Question

Time series DE gene analysis with edgeR where specific timepoints have NA levels across different patients

0

Entering edit mode

svlachavas ▴ 840

@svlachavas-7225

Last seen 10 days ago

Germany/Heidelberg/German Cancer Resear…

Dear Bioconductor community,

based on a current project aiming to decipher prognostic biomarkers that driving the response to chemotherapy in breast cancer, we are trying to analyze external public datasets to validate in house findings; on this premise, on an rnaseq gene expression dataset of neo-adjuvant treated patients with multiple time points:

T1 is the “pre-treatment” timepoint, T2 after two weeks on treatment, T3 is the “middle” timepoint of chemotherapy, whereas T4 refers to the relative timepoint when the surgical resection performed;

Our main goal is to find any differences between T1 and the available time-points that refer to after chemotherapy to identify interesting markers; as also to emphasize perhaps on specific comparisons-the main putative issue is based on the availability of different time points on the available patients:

head(dd,8)
# A tibble: 8 x 2
  SampleID      Biopsy_Time    
  <chr>         <chr>          
1 Patient_11_T1 biopsy time: T1
2 Patient_11_T2 biopsy time: T2
3 Patient_11_T3 biopsy time: T3
4 Patient_11_T4 biopsy time: T4
5 Patient_15_T1 biopsy time: T1
6 Patient_15_T2 biopsy time: T2
7 Patient_15_T3 biopsy time: T3
8 Patient_15_T4 biopsy time: T4

table(dd$Biopsy_Time)

biopsy time: T1 biopsy time: T2 biopsy time: T3 biopsy time: T4 
             21               9              19              20

As you see from above, not all time points are covered uniformly;

6 patients have complete 4 timepoints (T1-T2-T3-T4)

13 patients have 3 available timepoints: 2 have T1-T2-T4, and the rest T1-T3-T4

Thus, my major questions are the following:

1) If I consider only the 6 patients will all timepoints available, I could perform something like a "paired" design? For example if SampleID only denotes the patient number, and the Biopsy time the available treatment timepoints/conditions, with T1 as the reference level then:

design <- model.matrix(~SampleID+Biopsy_Time)
fit <- estimateDisp(y,design)
fit2 <- glmQLFit(fit, design)
fit3 <- glmQLFTest(fit2)

and also for example by setting coef=2:4 within glmQLFTest I can perform an ANOVA-like comparison that can detect DEs between any of the chemotherapy timepoints versus treatment naïve samples?

2) In addition, is there a way to incorporate also the information of the additional samples that lack any of the aforementioned levels? or the relative NA values in specific levels such as T2 would hamper any relative analysis?

Thank you in advance,

Efstathios

edgeR RNASeq DifferentialExpression TimeCourse • 2.1k views

ADD COMMENT • link updated 3.7 years ago by James W. MacDonald 68k • written 3.7 years ago by svlachavas ▴ 840

score 1 · Answer 1 · 2021-07-26

1

Entering edit mode

James W. MacDonald 68k

@james-w-macdonald-5106

Last seen 9 hours ago

United States

I would use voomLmFit and block on subject.

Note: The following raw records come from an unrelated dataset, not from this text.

section \<open>Dimension from the growth of Hilbert functions\<close>

text \<open>Suitable powers bring forms separating consecutive members of the chain to a common degree.\<close>
lemma chain_separating_forms:
  assumes chain: "\<forall>k\<le>r. zariski_closed I (Z k) \<and> zar_irreducible I (Z k)" "\<forall>k<r. Z k \<subset> Z (Suc k)"
  obtains E g p where "E \<ge> 1"
    "\<And>k. k < r \<Longrightarrow> homog I E (g k) \<and> (\<forall>q\<in>Z k. vanish (g k) q) \<and> p k \<in> Z (Suc k) \<and> \<not> vanish (g k) (p k)"
proof -
  have "\<exists>e f p. e \<ge> 1 \<and> homog I e f \<and> (\<forall>q\<in>Z k. vanish f q) \<and> p \<in> Z (Suc k) \<and> \<not> vanish f p"
    if k: "k < r" for k
  proof -
    have closed: "zariski_closed I (Z k)" "zariski_closed I (Z (Suc k))" and "Z k \<noteq> {}"
      using chain k unfolding zar_irreducible_def by auto
    then obtain q where q: "q \<in> Z k" "q \<in> Proj I" using zariski_closed_subset_Proj by blast
    obtain p where p: "p \<in> Z (Suc k)" "p \<notin> Z k" using chain(2) k by blast
    then have "p \<in> Proj I" using zariski_closed_subset_Proj[OF closed(2)] by blast
    then obtain f e where f: "homog I e f" "\<forall>q\<in>Z k. vanish f q" "\<not> vanish f p"
      by (rule zariski_closed_separating_form[OF closed(1) _ p(2)])
    moreover have "e \<ge> 1" using homog_separating_degree_pos[OF f(1) _ q(2) f(3)] f(2) q(1) by blast
    ultimately show ?thesis using p(1) by blast
  qed
  then obtain e f p where efp: "\<And>k. k < r \<Longrightarrow> e k \<ge> 1 \<and> homog I (e k) (f k) \<and>
      (\<forall>q\<in>Z k. vanish (f k) q) \<and> p k \<in> Z (Suc k) \<and> \<not> vanish (f k) (p k)"
    by metis
  define E where "E = (\<Prod>k<r. e k)"
  have E: "E \<ge> 1" unfolding E_def using efp by (intro prod_ge_1) auto
  have "homog I E (\<lambda>v. f k v ^ (E div e k)) \<and> (\<forall>q\<in>Z k. vanish (\<lambda>v. f k v ^ (E div e k)) q) \<and>
      p k \<in> Z (Suc k) \<and> \<not> vanish (\<lambda>v. f k v ^ (E div e k)) (p k)" if k: "k < r" for k
  proof -
    have "e k dvd E" unfolding E_def using k by (intro dvd_prodI) auto
    then have "E div e k \<ge> 1" "e k * (E div e k) = E"
      using E efp[OF k] by (auto simp: div_greater_zero_iff dvd_imp_le)
    then show ?thesis using homog_power[of I "e k" "f k" "E div e k"] efp[OF k] vanish_power_iff by auto
  qed
  then show ?thesis using E that[of E "\<lambda>k v. f k v ^ (E div e k)" p] by blast
qed

text \<open>Along a strict chain of r + 1 irreducible closed sets, the Hilbert function of the top
  member in degree m E grows like m choose r; indep_forms_add realises Pascal's rule.\<close>
lemma indep_forms_chain_growth:
  assumes chain: "\<forall>k\<le>r. zariski_closed I (Z k) \<and> zar_irreducible I (Z k)" "\<forall>k<r. Z k \<subset> Z (Suc k)"
  obtains E where "E \<ge> 1" "\<And>m. indep_forms I (Z r) (m * E) (m choose r)"
proof -
  obtain E g p where E: "E \<ge> 1" and g: "\<And>k. k < r \<Longrightarrow> homog I E (g k) \<and>
      (\<forall>q\<in>Z k. vanish (g k) q) \<and> p k \<in> Z (Suc k) \<and> \<not> vanish (g k) (p k)"
    using chain_separating_forms[OF chain] by metis
  have "indep_forms I (Z k) (m * E) (m choose k)" if "k \<le> r" for k m
    using that
  proof (induction k arbitrary: m)
    case 0
    have "zariski_closed I (Z 0)" "Z 0 \<noteq> {}" using chain(1) unfolding zar_irreducible_def by auto
    then show ?case using indep_forms_1 zariski_closed_subset_Proj by (metis binomial_n_0 ex_in_conv)
  next
    case (Suc k)
    note IHk = Suc.IH
    have k: "k < r" and Sk: "Suc k \<le> r" using Suc.prems by simp_all
    have W: "zar_irreducible I (Z (Suc k))" "Z (Suc k) \<subseteq> Proj I" "Z k \<subseteq> Z (Suc k)"
      using chain Sk k zariski_closed_subset_Proj[of I "Z (Suc k)"] by auto
    show ?case
    proof (induction m)
      case 0
      show ?case by (simp add: indep_forms_0)
    next
      case (Suc m)
      have "indep_forms I (Z k) (m * E + E) (Suc m choose k)" using IHk[of "Suc m"] k by (simp add: add.commute)
      then have "indep_forms I (Z k) (m * E + E) (m choose k)"
        by (rule indep_forms_mono) (cases k, simp_all)
      then have "indep_forms I (Z (Suc k)) (m * E + E) ((m choose Suc k) + (m choose k))"
        using indep_forms_add[OF W, of E "g k" "p k"] g[OF k] Suc.IH by blast
      then show ?case by (simp add: add.commute)
    qed
  qed
  then show ?thesis using that E by blast
qed

lemma binomial_Suc_exceeds_power:
  fixes E r :: nat
  assumes "E \<ge> 1"
  obtains m where "(m * E + 1) ^ r < m choose Suc r"
proof -
  define m where "m = Suc r ^ Suc r * (2 * E) ^ r + 1"
  have "Suc r \<le> Suc r ^ Suc r" by (rule self_le_power) auto
  moreover have "1 \<le> (2 * E) ^ r" using assms by simp
  then have "Suc r ^ Suc r * 1 \<le> Suc r ^ Suc r * (2 * E) ^ r" by (rule mult_le_mono2)
  ultimately have "Suc r \<le> m" unfolding m_def by linarith
  then have m_pos: "m > 0" by simp
  have "1 \<le> m * E" using assms m_pos by (simp add: Suc_le_eq)
  then have "(m * E + 1) ^ r \<le> (2 * m * E) ^ r" by (intro power_mono) auto
  then have "real ((m * E + 1) ^ r) \<le> real ((2 * m * E) ^ r)" by (simp only: of_nat_le_iff)
  also have "\<dots> = real m ^ r * (2 * real E) ^ r" by (simp add: power_mult_distrib)
  also have "\<dots> < real m ^ r * (real m / real (Suc r) ^ Suc r)"
  proof (rule mult_strict_left_mono)
    have "real m = real (Suc r) ^ Suc r * (2 * real E) ^ r + 1"
      unfolding m_def by (simp only: of_nat_add of_nat_mult of_nat_power of_nat_1 of_nat_numeral)
    then have "real (Suc r) ^ Suc r * (2 * real E) ^ r < real m" by linarith
    then show "(2 * real E) ^ r < real m / real (Suc r) ^ Suc r"
      by (metis mult.commute pos_less_divide_eq zero_less_power of_nat_0_less_iff zero_less_Suc)
  qed (use m_pos in simp)
  also have "\<dots> = (real m / real (Suc r)) ^ Suc r" by (simp add: power_divide)
  also have "\<dots> \<le> real (m choose Suc r)" by (rule binomial_ge_n_over_k_pow_k) fact
  finally show ?thesis using that by (metis of_nat_less_iff)
qed

text \<open>The upper bound: a chain longer than r would make the Hilbert function grow faster than
  the polynomial bound of degree r.\<close>
lemma zar_dim_eqI:
  assumes chain: "\<forall>k\<le>r. Z k \<subseteq> X \<and> zariski_closed I (Z k) \<and> zar_irreducible I (Z k)"
      "\<forall>k<r. Z k \<subset> Z (Suc k)"
    and hilbert: "\<And>d n. indep_forms I X d n \<Longrightarrow> n \<le> (d + 1) ^ r"
  shows "zar_dim I X = r"
  unfolding zar_dim_def
proof (rule Greatest_equality)
  show "\<exists>Z. (\<forall>k\<le>r. Z k \<subseteq> X \<and> zariski_closed I (Z k) \<and> zar_irreducible I (Z k)) \<and>
      (\<forall>k<r. Z k \<subset> Z (Suc k))"
    using chain by blast
next
  fix n
  assume "\<exists>Z. (\<forall>k\<le>n. Z k \<subseteq> X \<and> zariski_closed I (Z k) \<and> zar_irreducible I (Z k)) \<and>
      (\<forall>k<n. Z k \<subset> Z (Suc k))"
  then obtain Z' where Z': "\<forall>k\<le>n. Z' k \<subseteq> X \<and> zariski_closed I (Z' k) \<and> zar_irreducible I (Z' k)"
      "\<forall>k<n. Z' k \<subset> Z' (Suc k)"
    by blast
  show "n \<le> r"
  proof (rule ccontr)
    assume "\<not> n \<le> r"
    then have long: "\<forall>k\<le>Suc r. zariski_closed I (Z' k) \<and> zar_irreducible I (Z' k)"
        "\<forall>k<Suc r. Z' k \<subset> Z' (Suc k)" "Z' (Suc r) \<subseteq> X"
      using Z' by auto
    obtain E where E: "E \<ge> 1" "\<And>m. indep_forms I (Z' (Suc r)) (m * E) (m choose Suc r)"
      using indep_forms_chain_growth[OF long(1,2)] by metis
    obtain m where "(m * E + 1) ^ r < m choose Suc r"
      by (rule binomial_Suc_exceeds_power[OF E(1)])
    moreover have "m choose Suc r \<le> (m * E + 1) ^ r"
      using hilbert indep_forms_superset[OF E(2) long(3)] by blast
    ultimately show False by simp
  qed
qed

section \<open>Segre embeddings and their coordinate subvarieties\<close>

text \<open>The vector segre_vec b x y has the entry x i * y j at position (i, j) of P7idx, or at
  position (j, i) when b holds; the transposed embedding is the one that parametrises D_(1,0,11).\<close>
definition idx_swap :: "bool \<Rightarrow> nat \<times> nat \<Rightarrow> nat \<times> nat" where
  "idx_swap b k = (if b then prod.swap k else k)"

definition segre_vec :: "bool \<Rightarrow> (nat \<Rightarrow> complex) \<Rightarrow> (nat \<Rightarrow> complex) \<Rightarrow> nat \<times> nat \<Rightarrow> complex" where
  "segre_vec b x y k =
     (if idx_swap b k \<in> Sidx then x (fst (idx_swap b k)) * y (snd (idx_swap b k)) else 0)"

lemma idx_swap_idx_swap [simp]: "idx_swap b (idx_swap b k) = k"
  by (cases k) (auto simp: idx_swap_def)

lemma idx_swap_inject [simp]: "idx_swap b k = idx_swap b k' \<longleftrightarrow> k = k'"
  by (metis idx_swap_idx_swap)

lemma Sidx_iff: "(i, j) \<in> Sidx \<longleftrightarrow> i \<le> 2 \<and> j \<le> 1"
  by (auto simp: Sidx_def)

lemma P7idx_iff: "(i, j) \<in> P7idx \<longleftrightarrow> i \<le> 2 \<and> j \<le> 2 \<and> (i, j) \<noteq> (2, 2)"
  by (auto simp: P7idx_def)

lemma idx_swap_P7idx_iff [simp]: "idx_swap b k \<in> P7idx \<longleftrightarrow> k \<in> P7idx"
  by (cases k) (auto simp: idx_swap_def P7idx_iff)

lemma idx_swap_Sidx_in_P7idx: "k \<in> Sidx \<Longrightarrow> idx_swap b k \<in> P7idx"
  by (cases k) (auto simp: Sidx_iff P7idx_iff)

lemma card_P7idx: "card P7idx = 8"
proof -
  have eq: "P7idx = ({..2} \<times> {..2}) - {(2, 2)}" by (auto simp: P7idx_def)
  show ?thesis unfolding eq by (simp add: card_Diff_singleton)
qed

lemma segre_vec_at: "(i, j) \<in> Sidx \<Longrightarrow> segre_vec b x y (idx_swap b (i, j)) = x i * y j"
  by (simp add: segre_vec_def)

lemma segre_vec_smult_left: "segre_vec b (\<lambda>i. c * x i) y = (\<lambda>k. c * segre_vec b x y k)"
  by (auto simp: segre_vec_def fun_eq_iff)

lemma segre_vec_smult_right: "segre_vec b x (\<lambda>j. c * y j) = (\<lambda>k. c * segre_vec b x y k)"
  by (auto simp: segre_vec_def fun_eq_iff)

lemma segre_vec_in_vecs: "segre_vec b x y \<in> vecs P7idx"
  unfolding vecs_def segre_vec_def
  by (auto dest: idx_swap_Sidx_in_P7idx[of _ b] simp del: idx_swap_P7idx_iff)

lemma segre_vec_nonzero:
  assumes "i \<le> 2" "j \<le> 1" "x i \<noteq> 0" "y j \<noteq> 0"
  shows "segre_vec b x y \<noteq> (\<lambda>_. 0)"
proof
  assume "segre_vec b x y = (\<lambda>_. 0)"
  then have "segre_vec b x y (idx_swap b (i, j)) = 0" by simp
  with assms segre_vec_at[of i j b x y] show False by (simp add: Sidx_iff)
qed

lemma segre_vec_cong:
  assumes "\<forall>i\<le>2. x i = x' i" "\<forall>j\<le>1. y j = y' j"
  shows "segre_vec b x y = segre_vec b x' y'"
proof
  fix k
  obtain i j where "idx_swap b k = (i, j)" by (cases "idx_swap b k")
  then show "segre_vec b x y k = segre_vec b x' y' k"
    using assms by (cases "i \<le> 2 \<and> j \<le> 1") (auto simp: segre_vec_def Sidx_iff)
qed

definition segre_sub :: "bool \<Rightarrow> nat set \<Rightarrow> nat set \<Rightarrow> (nat \<times> nat \<Rightarrow> complex) set set" where
  "segre_sub b A B = {pclass (segre_vec b x y) | x y. (\<forall>i. i \<notin> A \<longrightarrow> x i = 0) \<and>
      (\<forall>j. j \<notin> B \<longrightarrow> y j = 0) \<and> (\<exists>i\<in>A. x i \<noteq> 0) \<and> (\<exists>j\<in>B. y j \<noteq> 0)}"

lemma segre_sub_iff: "p \<in> segre_sub b A B \<longleftrightarrow> (\<exists>x y. p = pclass (segre_vec b x y) \<and>
    (\<forall>i. i \<notin> A \<longrightarrow> x i = 0) \<and> (\<forall>j. j \<notin> B \<longrightarrow> y j = 0) \<and> (\<exists>i\<in>A. x i \<noteq> 0) \<and> (\<exists>j\<in>B. y j \<noteq> 0))"
  unfolding segre_sub_def by blast

lemma segre_sub_mono: "A \<subseteq> A' \<Longrightarrow> B \<subseteq> B' \<Longrightarrow> segre_sub b A B \<subseteq> segre_sub b A' B'"
  unfolding segre_sub_def by blast

lemma segre_sub_vecE:
  assumes "p \<in> segre_sub b A B" "v \<in> p"
  obtains x y where "v = segre_vec b x y" "\<forall>i. i \<notin> A \<longrightarrow> x i = 0" "\<forall>j. j \<notin> B \<longrightarrow> y j = 0"
    "\<exists>i\<in>A. x i \<noteq> 0" "\<exists>j\<in>B. y j \<noteq> 0"
proof -
  obtain x y where p: "p = pclass (segre_vec b x y)" and x: "\<forall>i. i \<notin> A \<longrightarrow> x i = 0"
    and y: "\<forall>j. j \<notin> B \<longrightarrow> y j = 0" "\<exists>j\<in>B. y j \<noteq> 0" and x0: "\<exists>i\<in>A. x i \<noteq> 0"
    using assms(1) unfolding segre_sub_iff by blast
  obtain c where c: "c \<noteq> 0" "v = (\<lambda>k. c * segre_vec b x y k)"
    using assms(2) unfolding p pclass_iff by blast
  show ?thesis
    by (rule that[of "\<lambda>i. c * x i" y]) (use c x x0 y in \<open>auto simp: segre_vec_smult_left\<close>)
qed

ADD COMMENT • link 3.7 years ago James W. MacDonald 68k

0

Entering edit mode

Dear James,

thank you very much for your comment; please excuse me for my naïve additional question, but is there an example in the edgeR user's guide or generally how to implement ? As I have never used this specific pipeline, if I have understood well from the relative function information, this resembles the original duplicateCorrelation ? However, this is not intended when comparing both within and between samples? Or based on my experimental design, if I use all the samples, it takes into account NA values for specific levels, thus including the between sample comparison?

Moreover, if my understanding is correct, should I implement the following approach? :

Do not remove any samples with not complete timepoints, correct? Or I have to explicitly include only patients with complete timepoints, as to create the variable below for the blocking on subject?
Then from a DGElist directly from creating an edgeR object, with or without normalization:

y <- DGEList(counts=gene.mat)

And then implement something like the following?

condition <- factor(dd$Biopsy_Time, levels=c.....))
pairs <- factor(SampleID)

design1 <- model.matrix(~0 +condition)
colnames(design1) <- levels(condition)

voom.fit <- voomLmFit(counts=y, design=design1, block=pairs, normalize.method="quantile")

# and then with makeContrasts, contrasts.fit and eBayes as with the usual limma analysis?

And finally, similarly for an ANOVA like approach, one could follow the additional:

top2_merged <- topTable(fit3, coef=2:4, number=nrow(fit3), adjust.method="fdr", sort.by="none")

Best regards,

Efstathios

ADD REPLY • link 3.7 years ago svlachavas ▴ 840

1

Entering edit mode

The voomLmFit function will automatically fit a linear mixed model accounting for within-subject correlations if you block on patient, so you don't need to exclude anybody. That's why I suggested it. I normally wouldn't use a quantile normalization, but instead just use the scale normalization that voom already does. You can use an ANOVA-like approach, but in general I tend to make individual t-tests which IIRC are more powerful than the F-test.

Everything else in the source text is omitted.